THE PROBLEM:
Reproduce, from the lines below, exactly the stretch that begins at the line containing "arp arf M \<longleftrightarrow>" and ends at the line containing "join A (eval_qf", both included.

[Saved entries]

......

record ('m, 'p, 'f, 'a) struct =
  univ :: "'m set"
  preds :: "'p \<Rightarrow> 'm list \<Rightarrow> 'a"
  funs :: "'f \<Rightarrow> 'm list \<Rightarrow> 'm"

definition a_structure ::
  "'a ul_alg \<Rightarrow> ('p \<Rightarrow> nat) \<Rightarrow> ('f \<Rightarrow> nat) \<Rightarrow> ('m, 'p, 'f, 'a) struct \<Rightarrow> bool" where
  "a_structure A arp arf M \<longleftrightarrow>
     (\<forall>p xs. length xs = arp p \<and> set xs \<subseteq> univ M \<longrightarrow> preds M p xs \<in> carrier A) \<and>
     (\<forall>f xs. length xs = arf f \<and> set xs \<subseteq> univ M \<longrightarrow> funs M f xs \<in> univ M)"

fun eval_tm :: "('m, 'p, 'f, 'a) struct \<Rightarrow> (nat \<Rightarrow> 'm) \<Rightarrow> 'f tm \<Rightarrow> 'm" where
  "eval_tm M e (Var i) = e i"
| "eval_tm M e (Fn f ts) = funs M f (map (eval_tm M e) ts)"

fun eval_qf :: "'a ul_alg \<Rightarrow> ('m, 'p, 'f, 'a) struct \<Rightarrow> (nat \<Rightarrow> 'm) \<Rightarrow> ('p, 'f) qf \<Rightarrow> 'a" where
  "eval_qf A M e (Atom p ts) = preds M p (map (eval_tm M e) ts)"
| "eval_qf A M e (Conj a b) = meet A (eval_qf A M e a) (eval_qf A M e b)"
| "eval_qf A M e (Disj a b) = join A (eval_qf A M e a) (eval_qf A M e b)"
| "eval_qf A M e (Fus a b) = fus A (eval_qf A M e a) (eval_qf A M e b)"
| "eval_qf A M e (Imp a b) = imp A (eval_qf A M e a) (eval_qf A M e b)"
| "eval_qf A M e Zero = azero A"
| "eval_qf A M e One = aone A"
| "eval_qf A M e Bot = abot A"
| "eval_qf A M e Top = atop A"

definition substructure ::
  "'a ul_alg \<Rightarrow> ('p \<Rightarrow> nat) \<Rightarrow> ('f \<Rightarrow> nat) \<Rightarrow> ('m, 'p, 'f, 'a) struct \<Rightarrow> ('m, 'p, 'f, 'a) struct \<Rightarrow> bool" where
  "substructure A arp arf M N \<longleftrightarrow>
     a_structure A arp arf M \<and> a_structure A arp arf N \<and>
     univ M \<subseteq> univ N \<and>
     (\<forall>f xs. length xs = arf f \<and> set xs \<subseteq> univ M \<longrightarrow> funs M f xs = funs N f xs) \<and>
     (\<forall>\<phi> e. wf_qf arp arf \<phi> \<and> range e \<subseteq> univ M \<longrightarrow> eval_qf A M e \<phi> = eval_qf A N e \<phi>)"

definition embedding ::
  "'a ul_alg \<Rightarrow> ('p \<Rightarrow> nat) \<Rightarrow> ('f \<Rightarrow> nat) \<Rightarrow> ('m \<Rightarrow> 'n) \<Rightarrow>
   ('m, 'p, 'f, 'a) struct \<Rightarrow> ('n, 'p, 'f, 'a) struct \<Rightarrow> bool" where
  "embedding A arp arf h M N \<longleftrightarrow>
     a_structure A arp arf M \<and> a_structure A arp arf N \<and>
     inj_on h (univ M) \<and> h ` univ M \<subseteq> univ N \<and>
     (\<forall>f xs. length xs = arf f \<and> set xs \<subseteq> univ M \<longrightarrow> h (funs M f xs) = funs N f (map h xs)) \<and>
     (\<forall>\<phi> e. wf_qf arp arf \<phi> \<and> range e \<subseteq> univ M \<longrightarrow> eval_qf A N (h \<circ> e) \<phi> = eval_qf A M e \<phi>)"

definition isomorphic ::
  "'a ul_alg \<Rightarrow> ('p \<Rightarrow> nat) \<Rightarrow> ('f \<Rightarrow> nat) \<Rightarrow>
   ('m, 'p, 'f, 'a) struct \<Rightarrow> ('n, 'p, 'f, 'a) struct \<Rightarrow> bool" where
  "isomorphic A arp arf M N \<longleftrightarrow>
     (\<exists>h. embedding A arp arf h M N \<and> h ` univ M = univ N)"

inductive_set generated :: "('f \<Rightarrow> nat) \<Rightarrow> ('m, 'p, 'f, 'a) struct \<Rightarrow> 'm set \<Rightarrow> 'm set"
  for arf M X where
  gen_base: "x \<in> X \<Longrightarrow> x \<in> generated arf M X"
| gen_fun: "length xs = arf f \<Longrightarrow> (\<forall>x\<in>set xs. x \<in> generated arf M X) \<Longrightarrow> funs M f xs \<in> generated arf M X"

definition fin_gen :: "('f \<Rightarrow> nat) \<Rightarrow> ('m, 'p, 'f, 'a) struct \<Rightarrow> bool" where
  "fin_gen arf M \<longleftrightarrow> (\<exists>X. finite X \<and> X \<subseteq> univ M \<and> univ M = generated arf M X)"

definition age ::
  "'a ul_alg \<Rightarrow> ('p \<Rightarrow> nat) \<Rightarrow> ('f \<Rightarrow> nat) \<Rightarrow> ('n, 'p, 'f, 'a) struct \<Rightarrow> ('n, 'p, 'f, 'a) struct set" where
  "age A arp arf N = {C. fin_gen arf C \<and> substructure A arp arf C N}"

definition eq_upto_iso ::
  "'a ul_alg \<Rightarrow> ('p \<Rightarrow> nat) \<Rightarrow> ('f \<Rightarrow> nat) \<Rightarrow>
   ('m, 'p, 'f, 'a) struct set \<Rightarrow> ('n, 'p, 'f, 'a) struct set \<Rightarrow> bool" where
  "eq_upto_iso A arp arf K L \<longleftrightarrow>
     (\<forall>B\<in>K. \<exists>C\<in>L. isomorphic A arp arf B C) \<and>
     (\<forall>C\<in>L. \<exists>B\<in>K. isomorphic A arp arf C B)"

definition countable_upto_iso ::
  "'a ul_alg \<Rightarrow> ('p \<Rightarrow> nat) \<Rightarrow> ('f \<Rightarrow> nat) \<Rightarrow> ('m, 'p, 'f, 'a) struct set \<Rightarrow> bool" where
  "countable_upto_iso A arp arf K \<longleftrightarrow>
     (\<exists>K0 \<subseteq> K. countable K0 \<and> (\<forall>B\<in>K. \<exists>B0\<in>K0. isomorphic A arp arf B B0))"

definition HP ::
  "'a ul_alg \<Rightarrow> ('p \<Rightarrow> nat) \<Rightarrow> ('f \<Rightarrow> nat) \<Rightarrow> ('m, 'p, 'f, 'a) struct set \<Rightarrow> bool" where
  "HP A arp arf K \<longleftrightarrow>
     (\<forall>B\<in>K. \<forall>C. fin_gen arf C \<and> substructure A arp arf C B \<longrightarrow>
        (\<exists>B'\<in>K. isomorphic A arp arf C B'))"

definition JEP ::
  "'a ul_alg \<Rightarrow> ('p \<Rightarrow> nat) \<Rightarrow> ('f \<Rightarrow> nat) \<Rightarrow> ('m, 'p, 'f, 'a) struct set \<Rightarrow> bool" where
  "JEP A arp arf K \<longleftrightarrow>
     (\<forall>B1\<in>K. \<forall>B2\<in>K. \<exists>D\<in>K. \<exists>h1 h2.
        embedding A arp arf h1 B1 D \<and> embedding A arp arf h2 B2 D)"

definition is_chain ::
  "'a ul_alg \<Rightarrow> ('p \<Rightarrow> nat) \<Rightarrow> ('f \<Rightarrow> nat) \<Rightarrow> ('m, 'p, 'f, 'a) struct set \<Rightarrow> bool" where
  "is_chain A arp arf C \<longleftrightarrow>
     (\<forall>B1\<in>C. \<forall>B2\<in>C. substructure A arp arf B1 B2 \<or> substructure A arp arf B2 B1)"

definition union_chain :: "('m, 'p, 'f, 'a) struct set \<Rightarrow> ('m, 'p, 'f, 'a) struct" where
  "union_chain C =
     \<lparr> univ = (\<Union>B\<in>C. univ B),
       preds = (\<lambda>p xs. SOME v. \<exists>B\<in>C. set xs \<subseteq> univ B \<and> v = preds B p xs),
       funs = (\<lambda>f xs. SOME y. \<exists>B\<in>C. set xs \<subseteq> univ B \<and> y = funs B f xs) \<rparr>"

definition closed_under_chains ::
  "'a ul_alg \<Rightarrow> ('p \<Rightarrow> nat) \<Rightarrow> ('f \<Rightarrow> nat) \<Rightarrow> ('m, 'p, 'f, 'a) struct set \<Rightarrow> bool" where
  "closed_under_chains A arp arf K \<longleftrightarrow>
     (\<forall>C :: ('m, 'p, 'f, 'a) struct set. C \<noteq> {} \<and> is_chain A arp arf C \<and> (\<forall>B\<in>C. \<exists>B'\<in>K. isomorphic A arp arf B B') \<longrightarrow>
        (\<exists>B'\<in>K. isomorphic A arp arf (union_chain C) B'))"

end

theory Submission
  imports Defs
begin

(* Both constructions build N on the carrier type 'm \<times> nat as the union of an \<omega>-chain of isomorphic
   copies of members of K, where the elements added at stage n carry the tag n, so that fresh
   elements are available whenever a stage is extended along an embedding.  For countable K,
   JEP lets stage n + 1 also absorb the (n + 1)-st member of an enumeration of K, so every
   member of K embeds into the union; a finitely generated substructure of the union lies in a
   single stage, and HP puts it back into K.  With closure under unions of chains instead,
   K has a member into which every member of K embeds: otherwise JEP yields a chain in which
   no stage embeds into its predecessor, and its union would be isomorphic to a finitely
   generated member of K although its generators, hence all of it, lie in one stage.
   Conversely, an age has HP trivially and JEP because two finitely generated substructures
   lie in the one generated by the union of their generators. *)

lemma a_structureD:
  assumes "a_structure A arp arf M"
  shows "length xs = arp p \<Longrightarrow> set xs \<subseteq> univ M \<Longrightarrow> preds M p xs \<in> carrier A"
    and "length xs = arf f \<Longrightarrow> set xs \<subseteq> univ M \<Longrightarrow> funs M f xs \<in> univ M"
  using assms unfolding a_structure_def by blast+
lemma Xm_closure_zero:
  assumes "1 \<le> m" and zero: "(\<lambda>_. 0) \<in> Xm m"
  shows "(\<lambda>_. 0) \<in> closure (Xm_nonvanishing m)"
proof -
  have zp0: "zero_perturbation 0 = (\<lambda>_. 0)"
    by (simp add: fun_eq_iff zero_perturbation_def)
  have "m \<noteq> 1"
    using Xm_P_level[OF zero, of 0] by (auto simp: window_def periodic_ext_def)
  then have "2 \<le> m" using assms(1) by simp
  then have zp_Xm: "zero_perturbation t \<in> Xm m" for t
    using zero Nprod_zero_perturbation[of m t] unfolding Xm_iff_Nprod zp0[symmetric]
    by (simp add: zero_perturbation_def)
  have "continuous_on UNIV (\<lambda>t. zero_perturbation t j)" for j
    by (cases "j = 1"; cases "j = 3") (simp_all add: zero_perturbation_def continuous_intros)
  then have "continuous_on UNIV zero_perturbation"
    by (rule continuous_on_coordinatewise_then_product)
  moreover have "zero_perturbation t \<in> closure (Xm_nonvanishing m)" if "t \<noteq> 0" for t
    using Xm_closure_if_nonzero[OF assms(1) zp_Xm, of 1] that by (simp add: zero_perturbation_def)
  ultimately have "zero_perturbation 0 \<in> closure (closure (Xm_nonvanishing m))"
    by (intro closure_if_holomorphic_nonzero[of "\<lambda>t. t" UNIV 0 1 _ "closure (Xm_nonvanishing m)"])
      auto
  then show ?thesis by (simp add: zp0)
qed

lemma Xm_subset_closure_Xm_nonvanishing:
  assumes "1 \<le> m"
  shows "Xm m \<subseteq> closure (Xm_nonvanishing m)"
proof
  fix b assume b: "b \<in> Xm m"
  show "b \<in> closure (Xm_nonvanishing m)"
  proof (cases "\<exists>j<m + 2. b j \<noteq> 0")
    case True
    then show ?thesis using Xm_closure_if_nonzero[OF assms b] by blast
  next
    case False
    then have "b = (\<lambda>_. 0)"
      using b by (auto simp: fun_eq_iff Xm_def not_less)
    then show ?thesis using Xm_closure_zero[OF assms] b by simp
  qed
qed

theorem proposition4p32:
  fixes m :: nat
  assumes "m \<ge> 1"
  shows "(\<forall>b \<in> Xm m. T_solution m (Tb m b))
       \<and> (\<forall>b \<in> Xm m. b \<in> closure {c \<in> Xm m. T_nonvanishing m (Tb m c)})
       \<and> (\<forall>T. T_solution m T \<and> T_nonvanishing m T \<longrightarrow>
            (\<exists>!b. b \<in> Xm m \<and> (\<forall>i k. i \<le> m \<and> even (int i + k) \<longrightarrow> T i k = Tb m b i k)))"
proof (intro conjI ballI allI impI)
  show "T_solution m (Tb m b)" if "b \<in> Xm m" for b
    using that by (rule Tb_T_solution)
  show "b \<in> closure {c \<in> Xm m. T_nonvanishing m (Tb m c)}" if "b \<in> Xm m" for b
    using that Xm_subset_closure_Xm_nonvanishing[OF assms] by (auto simp: Xm_nonvanishing_def)
next
  fix T assume T: "T_solution m T \<and> T_nonvanishing m T"
  let ?represents = "\<lambda>b. \<forall>i k. i \<le> m \<and> even (int i + k) \<longrightarrow> T i k = Tb m b i k"
  obtain b where "b \<in> Xm m" "?represents b"
    using nonvanishing_solution_eq_Tb[OF assms] T by metis
  moreover have "b' = b" if "b' \<in> Xm m" "?represents b'" for b'
    using Xm_eq_if_Tb_eq[OF that(1) \<open>b \<in> Xm m\<close>] that(2) \<open>?represents b\<close> assms by auto
  ultimately show "\<exists>!b. b \<in> Xm m \<and> ?represents b" by blast
qed

end
lemma feasible_dirs_shift:
  assumes s: "s \<in> arr_signs m u a" and x: "sign_le (sign_vec m u a x) s"
    and d: "d \<in> feasible_dirs m u s (sign_vec m u a x)"
  shows "\<exists>e>0. sign_le (sign_vec m u a (x + e *\<^sub>R d)) s"
proof -
  obtain e where e: "e > 0" "\<forall>k<m. sign_vec m u a (x + e *\<^sub>R d) k =
     (if sign_vec m u a x k = 0 then sgn (inner (u k) d) else sign_vec m u a x k)"
    using sign_vec_shift by blast
  have "sign_vec m u a (x + e *\<^sub>R d) k = 0 \<or> sign_vec m u a (x + e *\<^sub>R d) k = s k" for k
  proof (cases "k < m")
    case True
    then show ?thesis
      using e(2) x d arr_signs_cases[OF s, of k]
      by (auto simp: sign_le_def feasible_dirs_def sgn_if zero_le_mult_iff)
  qed (simp add: sign_vec_beyond)
  then show ?thesis using e(1) unfolding sign_le_def by blast
qed

lemma support_fun_eq_iff:
  assumes "x \<in> P"
  shows "support_fun P v = ereal (inner v x) \<longleftrightarrow> (\<forall>y\<in>P. inner v y \<le> inner v x)"
proof
  assume "support_fun P v = ereal (inner v x)"
  then show "\<forall>y\<in>P. inner v y \<le> inner v x"
    unfolding support_fun_def by (metis SUP_upper ereal_less_eq(3))
qed (use assms in \<open>auto simp: support_fun_def intro!: antisym SUP_least SUP_upper2\<close>)
text \<open>The homogeneous representatives b i (i < r), b i in m^(deg i), give a homogeneous
  basis of the tangent cone G_m = \<Oplus> m^n/m^(n+1) as a graded module over the fibre cone
  F(I) = \<Oplus> I^n/(m I^n), where the class of c in I^j acts on the class of g in m^n by the
  class of c*g in m^(n+j).  This is the literal meaning of G_m being isomorphic, as a graded
  F(I)-module, to \<Oplus>_i F(I)(-deg i).\<close>
definition homog_basis ::
  "('k::field) fps set \<Rightarrow> 'k fps set \<Rightarrow> 'k fps set \<Rightarrow> nat \<Rightarrow> (nat \<Rightarrow> 'k fps) \<Rightarrow> (nat \<Rightarrow> nat) \<Rightarrow> bool" where
  "homog_basis R m I r b deg \<longleftrightarrow>
     (\<forall>i<r. b i \<in> ideal_pow R m (deg i)) \<and>
     \<comment> \<open>generation in every degree n\<close>
     (\<forall>n. \<forall>h \<in> ideal_pow R m n. \<exists>c. (\<forall>i<r. deg i \<le> n \<longrightarrow> c i \<in> ideal_pow R I (n - deg i)) \<and>
          h - (\<Sum>i\<in>{i. i < r \<and> deg i \<le> n}. c i * b i) \<in> ideal_pow R m (Suc n)) \<and>
     \<comment> \<open>linear independence over F(I) in every degree n\<close>
     (\<forall>n c. (\<forall>i<r. deg i \<le> n \<longrightarrow> c i \<in> ideal_pow R I (n - deg i)) \<longrightarrow>
          (\<Sum>i\<in>{i. i < r \<and> deg i \<le> n}. c i * b i) \<in> ideal_pow R m (Suc n) \<longrightarrow>
          (\<forall>i<r. deg i \<le> n \<longrightarrow> c i \<in> ideal_prod m (ideal_pow R I (n - deg i))))"

text \<open>The numbers mu_i + nu_i + xi_i (with value 0 for i = 0).\<close>
definition wt :: "nat \<Rightarrow> nat" where
  "wt i = (let q = i mod 6 in i div 6 + (if q \<ge> 3 then 1 + (q - 3) else q))"

definition tk :: "nat \<Rightarrow> nat \<Rightarrow> nat" where
  "tk a k = card {i. i \<le> a - 1 \<and> wt i = k}"

end

theory Submission
  imports Defs "HOL-Number_Theory.Cong"
begin

text \<open>Write S for the semigroup generated by a, 2a+d, 3a+3d, 4a+6d and call the order of s \<in> S
  the largest number of generators summing to s. Then m^n consists of the series supported on
  elements of order \<ge> n, and I^n = t^(na) R. Every s \<in> S is uniquely w_i + m a with i < a, where
  w_i = \<xi>_i (2a+d) + \<nu>_i (3a+3d) + \<mu>_i (4a+6d) is the Apery element of residue i d; a residue
  argument modulo a and modulo 6 shows that the order of w_i + m a is exactly
  \<mu>_i + \<nu>_i + \<xi>_i + m. Hence the monomials t^(w_i) of degree \<mu>_i + \<nu>_i + \<xi>_i form a
  homogeneous basis of the tangent cone over the fibre cone.\<close>

unbundle fps_syntax

definition combo :: "nat \<Rightarrow> nat \<Rightarrow> nat \<Rightarrow> nat \<Rightarrow> nat \<Rightarrow> nat \<Rightarrow> nat" where
  "combo a d x1 x2 x3 x4 = a*x1 + (2*a+d)*x2 + (3*a+3*d)*x3 + (4*a+6*d)*x4"

definition gens :: "nat \<Rightarrow> nat \<Rightarrow> nat set" where
  "gens a d = {a, 2*a+d, 3*a+3*d, 4*a+6*d}"

lemma finite_gens: "finite (gens a d)"
  by (simp add: gens_def)

definition ord_ge :: "nat \<Rightarrow> nat \<Rightarrow> nat \<Rightarrow> nat set" where
  "ord_ge a d n = {combo a d x1 x2 x3 x4 | x1 x2 x3 x4. n \<le> x1+x2+x3+x4}"

lemma combo_eq: "combo a d x1 x2 x3 x4 = (x1+2*x2+3*x3+4*x4)*a + (x2+3*x3+6*x4)*d"
  by (simp add: combo_def algebra_simps)

lemma ord_geI: "n \<le> x1+x2+x3+x4 \<Longrightarrow> combo a d x1 x2 x3 x4 \<in> ord_ge a d n"
  unfolding ord_ge_def by blast

lemma semigrp_eq_ord_ge_0: "semigrp a d = ord_ge a d 0"
  by (simp add: semigrp_def ord_ge_def combo_def)

lemma ord_ge_mono: "m \<le> n \<Longrightarrow> s \<in> ord_ge a d n \<Longrightarrow> s \<in> ord_ge a d m"
  unfolding ord_ge_def by force

lemma ord_ge_add:
  assumes "s \<in> ord_ge a d n" "t \<in> ord_ge a d m"
  shows "s + t \<in> ord_ge a d (n + m)"
proof -
  obtain x1 x2 x3 x4 where x: "s = combo a d x1 x2 x3 x4" "n \<le> x1+x2+x3+x4"
    using assms(1) by (auto simp: ord_ge_def)
  obtain y1 y2 y3 y4 where y: "t = combo a d y1 y2 y3 y4" "m \<le> y1+y2+y3+y4"
    using assms(2) by (auto simp: ord_ge_def)
  have "s + t = combo a d (x1+y1) (x2+y2) (x3+y3) (x4+y4)"
    using x y by (simp add: combo_def algebra_simps)
  then show ?thesis using x y ord_geI[of "n + m"] by simp
qed

lemma ord_ge_Suc_if_nonzero: "s \<in> ord_ge a d 0 \<Longrightarrow> s \<noteq> 0 \<Longrightarrow> s \<in> ord_ge a d 1"
  unfolding ord_ge_def combo_def by (fastforce intro: Suc_leI)

lemma ord_ge_1_ge: "0 < a \<Longrightarrow> s \<in> ord_ge a d 1 \<Longrightarrow> a \<le> s"
  unfolding ord_ge_def combo_eq
  by (auto intro: order.trans[OF _ le_add1] simp: Suc_le_eq)

lemma gens_ord_ge_1: "g \<in> gens a d \<Longrightarrow> g \<in> ord_ge a d 1"
  using ord_geI[of 1 1 0 0 0 a d] ord_geI[of 1 0 1 0 0 a d]
    ord_geI[of 1 0 0 1 0 a d] ord_geI[of 1 0 0 0 1 a d]
  by (auto simp: gens_def combo_def)

lemma ord_ge_Suc_cases:
  assumes "s \<in> ord_ge a d (Suc n)"
  shows "\<exists>g \<in> gens a d. g \<le> s \<and> s - g \<in> ord_ge a d n"
proof -
  obtain x1 x2 x3 x4 where x: "s = combo a d x1 x2 x3 x4" "Suc n \<le> x1+x2+x3+x4"
    using assms by (auto simp: ord_ge_def)
  consider y where "x1 = Suc y" | y where "x2 = Suc y" | y where "x3 = Suc y" | y where "x4 = Suc y"
    using x(2) by (metis add_is_0 not0_implies_Suc not_less_eq_eq zero_le)
  then show ?thesis
  proof cases
    case (1 y)
    then have "s = a + combo a d y x2 x3 x4" using x by (simp add: combo_def)
    then show ?thesis using x 1 ord_geI[of n y x2 x3 x4 a d] by (simp add: gens_def)
  next
    case (2 y)
    then have "s = (2*a+d) + combo a d x1 y x3 x4" using x by (simp add: combo_def)
    then show ?thesis using x 2 ord_geI[of n x1 y x3 x4 a d] by (simp add: gens_def)
  next
    case (3 y)
    then have "s = (3*a+3*d) + combo a d x1 x2 y x4" using x by (simp add: combo_def)
    then show ?thesis using x 3 ord_geI[of n x1 x2 y x4 a d] by (simp add: gens_def)
  next
    case (4 y)
    then have "s = (4*a+6*d) + combo a d x1 x2 x3 y" using x by (simp add: combo_def)
    then show ?thesis using x 4 ord_geI[of n x1 x2 x3 y a d] by (simp add: gens_def)
  qed
qed

definition mu :: "nat \<Rightarrow> nat" where "mu i = i div 6"
definition nu :: "nat \<Rightarrow> nat" where "nu i = (if i mod 6 < 3 then 0 else 1)"
definition xi :: "nat \<Rightarrow> nat" where "xi i = (if i mod 6 < 3 then i mod 6 else i mod 6 - 3)"

definition apery :: "nat \<Rightarrow> nat \<Rightarrow> nat \<Rightarrow> nat" where
  "apery a d i = combo a d 0 (xi i) (nu i) (mu i)"

lemma wt_eq: "wt i = xi i + nu i + mu i"
  by (simp add: wt_def xi_def nu_def mu_def Let_def)

lemma xi_nu_mu_sum: "xi i + 3 * nu i + 6 * mu i = i"
  by (simp add: xi_def nu_def mu_def)

lemma xi_le: "xi i \<le> 2" and nu_le: "nu i \<le> 1"
  by (auto simp: xi_def nu_def)

lemma apery_eq: "apery a d i = (2 * xi i + 3 * nu i + 4 * mu i) * a + i * d"
proof -
  have "i * d = (xi i + 3 * nu i + 6 * mu i) * d" by (simp add: xi_nu_mu_sum)
  then show ?thesis by (simp add: apery_def combo_def algebra_simps)
qed

lemma apery_plus_ord_ge: "apery a d i + m * a \<in> ord_ge a d (wt i + m)"
proof -
  have "apery a d i + m * a = combo a d m (xi i) (nu i) (mu i)"
    by (simp add: apery_def combo_def algebra_simps)
  then show ?thesis using ord_geI[of "wt i + m"] by (simp add: wt_eq)
qed

text \<open>Among all (x2, x3, x4) with x2 + 3 x3 + 6 x4 = i, the triple (\<xi>_i, \<nu>_i, \<mu>_i) minimises
  both x2 + x3 and 4 x2 + 3 x3; a surplus j a \<ge> 7 in the residue dominates both bounds.\<close>
lemma xi_nu_minimal:
  fixes x2 x3 x4 :: nat
  assumes "x2 + 3*x3 + 6*x4 = i + j*a" "7 \<le> a"
  shows "xi i + nu i \<le> x2 + x3 + j*a \<and> 4 * xi i + 3 * nu i \<le> 4*x2 + 3*x3 + 2*j*a"
proof (cases "j = 0")
  case True
  then have "i mod 6 = (x2 + 3*x3) mod 6"
    using assms(1) mod_mult_self2[of "x2 + 3*x3" 6 x4] by simp
  then have "xi i = xi (x2 + 3*x3)" "nu i = nu (x2 + 3*x3)" by (simp_all add: xi_def nu_def)
  moreover have "xi (x2 + 3*x3) + nu (x2 + 3*x3) \<le> x2 + x3 \<and>
      4 * xi (x2 + 3*x3) + 3 * nu (x2 + 3*x3) \<le> 4*x2 + 3*x3"
  proof (cases "x2 \<le> 2 \<and> x3 \<le> 3")
    case True
    then have "x2 \<in> {0,1,2}" "x3 \<in> {0,1,2,3}" by auto
    moreover have "\<forall>u\<in>{0,1,2}. \<forall>v\<in>{0,1,2,3::nat}. xi (u + 3*v) + nu (u + 3*v) \<le> u + v \<and>
        4 * xi (u + 3*v) + 3 * nu (u + 3*v) \<le> 4*u + 3*v"
      by (simp add: xi_def nu_def)
    ultimately show ?thesis by blast
  qed (use xi_le[of "x2 + 3*x3"] nu_le[of "x2 + 3*x3"] in linarith)
  ultimately show ?thesis by simp
next
  case False
  then have "1 * a \<le> j * a" by (intro mult_le_mono1) simp
  then have "7 \<le> j*a" using assms(2) by linarith
  then show ?thesis using xi_le[of i] nu_le[of i] by linarith
qed

lemma mod_eq_if_coprime:
  fixes a d :: nat
  assumes "coprime a d" "X*a + J*d = Y*a + i*d"
  shows "J mod a = i mod a"
proof -
  have "(J*d) mod a = (i*d) mod a"
    using arg_cong[OF assms(2), of "\<lambda>x. x mod a"] by simp
  then have "[J = i] (mod a)"
    using cong_mult_rcancel_nat[of d a J i] assms(1) by (simp add: cong_def coprime_commute)
  then show ?thesis by (simp add: cong_def)
qed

......

REPLY:
  "a_structure A arp arf M \<longleftrightarrow>
     (\<forall>p xs. length xs = arp p \<and> set xs \<subseteq> univ M \<longrightarrow> preds M p xs \<in> carrier A) \<and>
     (\<forall>f xs. length xs = arf f \<and> set xs \<subseteq> univ M \<longrightarrow> funs M f xs \<in> univ M)"

fun eval_tm :: "('m, 'p, 'f, 'a) struct \<Rightarrow> (nat \<Rightarrow> 'm) \<Rightarrow> 'f tm \<Rightarrow> 'm" where
  "eval_tm M e (Var i) = e i"
| "eval_tm M e (Fn f ts) = funs M f (map (eval_tm M e) ts)"

fun eval_qf :: "'a ul_alg \<Rightarrow> ('m, 'p, 'f, 'a) struct \<Rightarrow> (nat \<Rightarrow> 'm) \<Rightarrow> ('p, 'f) qf \<Rightarrow> 'a" where
  "eval_qf A M e (Atom p ts) = preds M p (map (eval_tm M e) ts)"
| "eval_qf A M e (Conj a b) = meet A (eval_qf A M e a) (eval_qf A M e b)"
| "eval_qf A M e (Disj a b) = join A (eval_qf A M e a) (eval_qf A M e b)"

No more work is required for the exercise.